En espagnol le verbe « étudier » au passé est /estudió/ et au présent /estudio/, /libro/
est « livre » alors que /libró /est le verbe librar (libérer) à la troisième personne du
singulier au passé.
En italien pápa signifie pape et papá père.
En anglais, impórt est le verbe importer et ímport est le substantif « import ».

« L’amazighe connaît deux types d’accent, à savoir l’accent tonique et l’accent d’insistance, l’accent n’est
pas contrastif. L’accent tonique se porte dur la syllabe finale quelle que soit sa structure, à savoir légère,
lourde ou superlourde » (Boukous, 2009 : 126)
Exemples : /aga’/, /agru’r/, /tamiṭa’ct/.
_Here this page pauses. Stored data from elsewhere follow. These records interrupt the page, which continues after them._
(* Let $p>1$, $\beta=1/(p-1)$, $\gamma=\frac{p-2}{2(p-1)}$, $\sigma\in\{-1,1\}$, and $A>0$. Let $\phi\in C^2([A,\infty))$ be a solution of $$\sigma\phi''=\tfrac12 y\phi'-\gamma\phi-|\phi'|^p\quad\text{on }[A,\infty)$$ such that, for some $C>0$, $\phi'(y)\ge Cy^\beta$ for all $y\ge A$, and $|\phi''(y)|=o(y^{\beta+1})$ as $y\to\infty$. Then $$\lim_{y\to\infty}\frac{\phi(y)}{y^{\beta+1}}=L:=\frac{p^{-\beta}}{\beta+1}.$$ *)

theory Defs
  imports "HOL-Analysis.Analysis"
begin

end

theory Submission
  imports Defs
begin

(* With w = \<phi>'/y^\<beta> and v = (\<beta>+1)\<phi>/y^(\<beta>+1) the equation becomes the first-order relation
   y v' = (\<beta>+1)(w - v) together with the algebraic relation \<sigma>\<phi>''/y^(\<beta>+1) = F(w, v), whose left
   side tends to 0. On the diagonal F(v, v) = v/p - v^p vanishes only at the equilibrium
   v = p^(-\<beta>). If v \<ge> T for some T above the equilibrium, F(w, v) \<approx> 0 forces w below v by a
   fixed fraction of v, so v decreases at least like -c ln y and cannot stay above T. Below the
   equilibrium (and above C/2, below which w \<ge> C pushes v up) w keeps a fixed distance from v. It
   cannot be below v: then v decreases, w - v cannot cross the forbidden band by continuity, and v
   would decrease logarithmically forever. So w lies above v and v rises past every T below the
   equilibrium. *)

lemma powr_above_tangent:
  fixes a b p :: real
  assumes "1 \<le> p" "0 < a" "0 < b"
  shows "a powr p + p * a powr (p - 1) * (b - a) \<le> b powr p"
proof -
  have "p * a powr (p - 1) * (b - a) \<le> b powr p - a powr p"
    by (rule convex_on_imp_above_tangent[OF powr_convex[OF assms(1)]])
      (use assms in \<open>auto intro!: derivative_eq_intros simp: interior_open\<close>)
  then show ?thesis by simp
qed
(* If $L\in\mathrm{Gr}(V,m)$ and $L\cap\operatorname{int}(K)\neq\emptyset$, then $$\sigma(L)=\min_{v\in K,\ |||v|||=1}\ \max_{x\in L,\ \|x\|=1}\lambda_v(x)=\min_{v\in K,\ y\in L^\perp,\ u\in K^*,\ |||v|||=1,\ \langle u,v\rangle=1}\|u-y\|^*.$$
   Context: $V$ is a finite-dimensional real vector space with inner product $\langle\cdot,\cdot\rangle$; $K\subseteq V$ a regular closed convex cone (closed, convex, pointed, nonempty interior) with dual cone $K^*:=\{u:\langle u,x\rangle\ge0\ \forall x\in K\}$; $L^\perp$ the orthogonal complement; $\mathrm{Gr}(V,m)$ the set of $m$-dimensional subspaces ($1\le m<\dim V$). $\|\cdot\|,|||\cdot|||$ are arbitrary norms on $V$, $\|u\|^*:=\max_{\|x\|=1}\langle u,x\rangle$. For $v\in K\setminus\{0\}$ and $x\in V$, $\lambda_v(x):=\sup\{t\in\mathbb R: x-tv\in K\}\in[-\infty,\infty)$, and $\sigma(L):=\min_{v\in K,|||v|||=1}\max_{x\in L,\|x\|\le1}\lambda_v(x)$. *)

theory Defs
  imports "HOL-Analysis.Analysis"
begin

definition is_norm :: "('a::real_vector \<Rightarrow> real) \<Rightarrow> bool" where
  "is_norm N \<longleftrightarrow> (\<forall>x. 0 \<le> N x) \<and> (\<forall>x. N x = 0 \<longleftrightarrow> x = 0)
     \<and> (\<forall>c x. N (c *\<^sub>R x) = \<bar>c\<bar> * N x) \<and> (\<forall>x y. N (x + y) \<le> N x + N y)"

definition dual_norm :: "('a::real_inner \<Rightarrow> real) \<Rightarrow> 'a \<Rightarrow> real" where
  "dual_norm N u = Sup {inner u x | x. N x = 1}"

definition regular_cone :: "'a::euclidean_space set \<Rightarrow> bool" where
  "regular_cone K \<longleftrightarrow> K \<noteq> {} \<and> cone K \<and> closed K \<and> convex K
     \<and> K \<inter> uminus ` K = {0} \<and> interior K \<noteq> {}"

definition dual_cone :: "'a::real_inner set \<Rightarrow> 'a set" where
  "dual_cone K = {u. \<forall>x\<in>K. 0 \<le> inner u x}"

text \<open>lambda_v(x) = sup {t. x - t v \<in> K}, valued in [-\<infinity>,\<infinity>) (Sup of empty set is -\<infinity>).\<close>
definition lam :: "'a::real_vector set \<Rightarrow> 'a \<Rightarrow> 'a \<Rightarrow> ereal" where
  "lam K v x = Sup (ereal ` {t. x - t *\<^sub>R v \<in> K})"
- La durée : c’est l’allongement des voyelles. Elle est transcrite par deux points « : », en
français par exemple, ce trait prosodique concerne la voyelle précédant les consonnes
allongentes : /r/,/z/,/j/et/v/ comme dans /ba:r/(bar), /ba:z/(base), /ca:j/ (cage) et
/ca:v/(cave) mais aussi dans grande /grã:d/, bombe /bo:mb/pâle /pa:l/, câble /ka:bl/,
sable /sa:bl/. Cependant, elle n’est pas pertinente en français ; elle ne permet pas de
distinguer deux unités linguistiques comme c’est le cas de la langue arabe où
l’allongement est distinctif :
/ḍaṛaba/ (frapper) et /ḍa:ṛaba/ (spéculer).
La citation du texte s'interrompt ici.